PROMPT —
Scan the records below and copy every line that contains the string "type".

EXERCISE MATERIAL —
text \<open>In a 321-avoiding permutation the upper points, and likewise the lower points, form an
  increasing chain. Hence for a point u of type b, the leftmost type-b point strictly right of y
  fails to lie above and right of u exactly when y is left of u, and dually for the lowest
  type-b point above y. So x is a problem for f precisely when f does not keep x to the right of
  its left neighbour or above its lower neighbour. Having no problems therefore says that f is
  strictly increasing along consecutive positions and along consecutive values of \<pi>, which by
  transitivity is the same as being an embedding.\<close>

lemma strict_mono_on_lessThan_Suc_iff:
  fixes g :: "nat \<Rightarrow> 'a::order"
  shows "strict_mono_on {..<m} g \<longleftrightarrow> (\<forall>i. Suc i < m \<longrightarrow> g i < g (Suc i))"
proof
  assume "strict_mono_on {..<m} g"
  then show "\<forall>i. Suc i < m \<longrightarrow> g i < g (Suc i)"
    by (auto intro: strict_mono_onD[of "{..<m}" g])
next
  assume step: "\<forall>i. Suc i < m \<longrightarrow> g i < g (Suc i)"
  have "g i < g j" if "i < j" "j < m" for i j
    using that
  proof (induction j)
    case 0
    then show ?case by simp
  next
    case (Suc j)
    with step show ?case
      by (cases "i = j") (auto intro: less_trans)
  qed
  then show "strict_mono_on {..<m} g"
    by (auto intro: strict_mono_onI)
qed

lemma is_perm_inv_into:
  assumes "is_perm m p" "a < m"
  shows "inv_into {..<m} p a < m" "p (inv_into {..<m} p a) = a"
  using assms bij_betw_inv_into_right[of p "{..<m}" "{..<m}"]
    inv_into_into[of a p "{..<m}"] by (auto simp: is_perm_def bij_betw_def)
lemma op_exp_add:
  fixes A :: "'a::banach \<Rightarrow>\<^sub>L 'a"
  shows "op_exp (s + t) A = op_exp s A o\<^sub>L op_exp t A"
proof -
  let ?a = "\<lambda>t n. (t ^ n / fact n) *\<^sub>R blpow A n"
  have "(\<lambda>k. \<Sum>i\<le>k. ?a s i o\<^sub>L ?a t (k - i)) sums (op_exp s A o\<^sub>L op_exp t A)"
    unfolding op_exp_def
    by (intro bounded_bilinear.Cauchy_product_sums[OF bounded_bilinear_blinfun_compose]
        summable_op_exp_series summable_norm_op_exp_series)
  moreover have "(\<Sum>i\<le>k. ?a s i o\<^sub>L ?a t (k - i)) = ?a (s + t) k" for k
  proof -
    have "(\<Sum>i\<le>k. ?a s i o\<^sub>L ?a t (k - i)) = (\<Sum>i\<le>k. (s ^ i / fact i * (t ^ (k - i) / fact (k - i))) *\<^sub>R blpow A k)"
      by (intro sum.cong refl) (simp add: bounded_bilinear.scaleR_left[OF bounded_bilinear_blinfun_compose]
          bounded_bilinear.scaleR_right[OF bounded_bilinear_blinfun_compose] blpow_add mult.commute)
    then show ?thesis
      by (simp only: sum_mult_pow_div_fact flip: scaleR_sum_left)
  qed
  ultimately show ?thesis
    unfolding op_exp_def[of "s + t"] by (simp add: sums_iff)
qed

---

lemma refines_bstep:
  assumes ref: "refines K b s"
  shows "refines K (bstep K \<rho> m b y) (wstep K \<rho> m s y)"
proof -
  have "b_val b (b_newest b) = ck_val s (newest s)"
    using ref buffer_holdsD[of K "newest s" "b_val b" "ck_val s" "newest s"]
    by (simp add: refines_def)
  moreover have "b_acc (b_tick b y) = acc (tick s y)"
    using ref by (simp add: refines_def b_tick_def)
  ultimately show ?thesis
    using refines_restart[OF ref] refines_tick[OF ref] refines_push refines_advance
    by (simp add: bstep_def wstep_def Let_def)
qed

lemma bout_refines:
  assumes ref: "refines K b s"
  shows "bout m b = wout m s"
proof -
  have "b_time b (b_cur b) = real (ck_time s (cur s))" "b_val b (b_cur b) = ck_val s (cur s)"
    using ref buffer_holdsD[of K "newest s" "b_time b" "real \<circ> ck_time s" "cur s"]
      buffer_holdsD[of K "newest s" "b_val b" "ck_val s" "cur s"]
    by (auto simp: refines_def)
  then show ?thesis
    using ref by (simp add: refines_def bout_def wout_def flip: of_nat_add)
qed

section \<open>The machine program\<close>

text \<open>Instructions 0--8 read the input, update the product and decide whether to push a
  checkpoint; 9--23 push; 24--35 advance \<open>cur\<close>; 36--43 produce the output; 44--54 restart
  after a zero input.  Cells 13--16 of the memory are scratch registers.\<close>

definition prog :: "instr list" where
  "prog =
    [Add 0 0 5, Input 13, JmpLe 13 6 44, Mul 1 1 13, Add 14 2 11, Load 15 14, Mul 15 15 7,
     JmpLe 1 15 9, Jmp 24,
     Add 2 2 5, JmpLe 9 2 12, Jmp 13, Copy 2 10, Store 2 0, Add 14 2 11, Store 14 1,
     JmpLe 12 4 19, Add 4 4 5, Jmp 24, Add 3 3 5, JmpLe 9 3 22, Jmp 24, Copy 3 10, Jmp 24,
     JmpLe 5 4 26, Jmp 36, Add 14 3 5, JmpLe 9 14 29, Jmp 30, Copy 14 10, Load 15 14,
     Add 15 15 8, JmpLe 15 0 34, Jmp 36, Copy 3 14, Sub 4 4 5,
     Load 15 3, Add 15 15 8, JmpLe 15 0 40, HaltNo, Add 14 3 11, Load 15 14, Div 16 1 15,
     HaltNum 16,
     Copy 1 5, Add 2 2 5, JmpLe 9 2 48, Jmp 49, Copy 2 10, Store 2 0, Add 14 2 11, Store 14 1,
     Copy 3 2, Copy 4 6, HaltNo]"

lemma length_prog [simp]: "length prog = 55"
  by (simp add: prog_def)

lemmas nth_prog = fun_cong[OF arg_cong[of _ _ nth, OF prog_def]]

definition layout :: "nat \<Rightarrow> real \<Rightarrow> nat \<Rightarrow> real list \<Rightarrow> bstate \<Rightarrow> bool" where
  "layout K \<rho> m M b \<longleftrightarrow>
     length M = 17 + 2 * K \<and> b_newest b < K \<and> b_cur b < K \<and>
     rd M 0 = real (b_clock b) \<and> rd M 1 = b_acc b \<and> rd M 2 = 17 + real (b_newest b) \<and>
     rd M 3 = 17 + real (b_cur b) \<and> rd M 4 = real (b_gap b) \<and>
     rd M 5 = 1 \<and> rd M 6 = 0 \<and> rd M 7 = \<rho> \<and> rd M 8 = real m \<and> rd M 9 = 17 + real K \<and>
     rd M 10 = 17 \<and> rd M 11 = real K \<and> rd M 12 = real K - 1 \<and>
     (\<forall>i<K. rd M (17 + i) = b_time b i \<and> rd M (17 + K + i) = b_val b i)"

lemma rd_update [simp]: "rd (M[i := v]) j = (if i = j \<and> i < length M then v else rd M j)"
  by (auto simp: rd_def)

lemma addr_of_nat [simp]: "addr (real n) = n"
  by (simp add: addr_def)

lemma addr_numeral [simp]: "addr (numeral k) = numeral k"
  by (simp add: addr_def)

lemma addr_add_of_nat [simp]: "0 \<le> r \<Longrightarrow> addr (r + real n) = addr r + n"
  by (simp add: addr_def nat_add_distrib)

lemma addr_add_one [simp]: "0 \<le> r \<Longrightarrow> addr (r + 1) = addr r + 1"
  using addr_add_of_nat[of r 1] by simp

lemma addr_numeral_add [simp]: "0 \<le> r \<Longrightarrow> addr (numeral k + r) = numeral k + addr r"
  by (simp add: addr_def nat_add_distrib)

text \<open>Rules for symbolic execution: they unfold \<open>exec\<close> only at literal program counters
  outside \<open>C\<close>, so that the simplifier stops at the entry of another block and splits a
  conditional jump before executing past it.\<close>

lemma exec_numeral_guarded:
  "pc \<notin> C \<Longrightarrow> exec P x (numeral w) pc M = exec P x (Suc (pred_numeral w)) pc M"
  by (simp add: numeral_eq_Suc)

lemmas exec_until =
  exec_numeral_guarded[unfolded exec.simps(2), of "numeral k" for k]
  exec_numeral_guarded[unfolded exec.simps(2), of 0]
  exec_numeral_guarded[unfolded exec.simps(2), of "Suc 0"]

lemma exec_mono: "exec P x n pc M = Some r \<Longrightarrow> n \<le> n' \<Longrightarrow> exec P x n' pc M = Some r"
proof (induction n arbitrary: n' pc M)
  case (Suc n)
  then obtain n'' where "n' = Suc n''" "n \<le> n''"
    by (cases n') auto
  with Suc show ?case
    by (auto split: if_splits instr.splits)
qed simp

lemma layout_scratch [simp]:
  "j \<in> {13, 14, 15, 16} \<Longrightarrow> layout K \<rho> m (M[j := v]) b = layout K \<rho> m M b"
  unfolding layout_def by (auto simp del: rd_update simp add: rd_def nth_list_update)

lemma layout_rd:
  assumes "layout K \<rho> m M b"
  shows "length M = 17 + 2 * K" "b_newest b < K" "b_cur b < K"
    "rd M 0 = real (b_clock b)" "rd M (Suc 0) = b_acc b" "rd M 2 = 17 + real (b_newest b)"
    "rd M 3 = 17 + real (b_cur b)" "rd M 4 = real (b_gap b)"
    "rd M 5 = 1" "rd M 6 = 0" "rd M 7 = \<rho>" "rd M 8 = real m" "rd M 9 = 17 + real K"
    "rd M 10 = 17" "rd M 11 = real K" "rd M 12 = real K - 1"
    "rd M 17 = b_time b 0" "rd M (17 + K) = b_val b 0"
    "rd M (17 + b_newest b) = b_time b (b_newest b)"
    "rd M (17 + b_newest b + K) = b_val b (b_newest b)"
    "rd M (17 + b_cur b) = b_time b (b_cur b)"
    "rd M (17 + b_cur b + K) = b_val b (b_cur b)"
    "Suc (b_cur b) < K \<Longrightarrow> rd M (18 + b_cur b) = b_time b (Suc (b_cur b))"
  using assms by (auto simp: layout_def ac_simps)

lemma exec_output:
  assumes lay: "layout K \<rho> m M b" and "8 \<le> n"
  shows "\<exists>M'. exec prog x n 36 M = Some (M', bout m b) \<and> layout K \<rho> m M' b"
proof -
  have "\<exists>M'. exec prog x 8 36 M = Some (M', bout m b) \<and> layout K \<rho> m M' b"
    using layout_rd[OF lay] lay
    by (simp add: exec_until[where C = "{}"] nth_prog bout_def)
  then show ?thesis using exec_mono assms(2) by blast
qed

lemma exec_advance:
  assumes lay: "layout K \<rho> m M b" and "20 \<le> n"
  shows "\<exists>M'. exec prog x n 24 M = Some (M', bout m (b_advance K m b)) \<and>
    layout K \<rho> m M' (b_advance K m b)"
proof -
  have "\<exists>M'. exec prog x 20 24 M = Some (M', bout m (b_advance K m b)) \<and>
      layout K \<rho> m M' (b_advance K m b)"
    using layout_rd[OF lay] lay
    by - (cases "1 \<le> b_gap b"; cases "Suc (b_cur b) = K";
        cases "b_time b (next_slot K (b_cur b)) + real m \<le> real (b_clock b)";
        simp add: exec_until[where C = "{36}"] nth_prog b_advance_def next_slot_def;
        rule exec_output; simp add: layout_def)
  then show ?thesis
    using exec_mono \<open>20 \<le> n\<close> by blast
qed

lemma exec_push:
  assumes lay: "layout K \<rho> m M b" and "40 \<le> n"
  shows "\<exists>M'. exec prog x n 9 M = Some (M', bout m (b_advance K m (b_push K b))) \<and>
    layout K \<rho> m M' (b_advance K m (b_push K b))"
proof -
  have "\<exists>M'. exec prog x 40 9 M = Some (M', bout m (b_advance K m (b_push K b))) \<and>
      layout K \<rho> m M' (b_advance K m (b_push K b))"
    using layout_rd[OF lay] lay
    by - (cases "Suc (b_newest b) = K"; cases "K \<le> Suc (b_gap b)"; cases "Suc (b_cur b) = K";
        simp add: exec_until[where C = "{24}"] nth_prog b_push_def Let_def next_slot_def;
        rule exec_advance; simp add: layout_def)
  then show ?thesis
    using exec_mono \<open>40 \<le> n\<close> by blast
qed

SOLVED PROBLEM —
  increasing chain. Hence for a point u of type b, the leftmost type-b point strictly right of y
  type-b point above y. So x is a problem for f precisely when f does not keep x to the right of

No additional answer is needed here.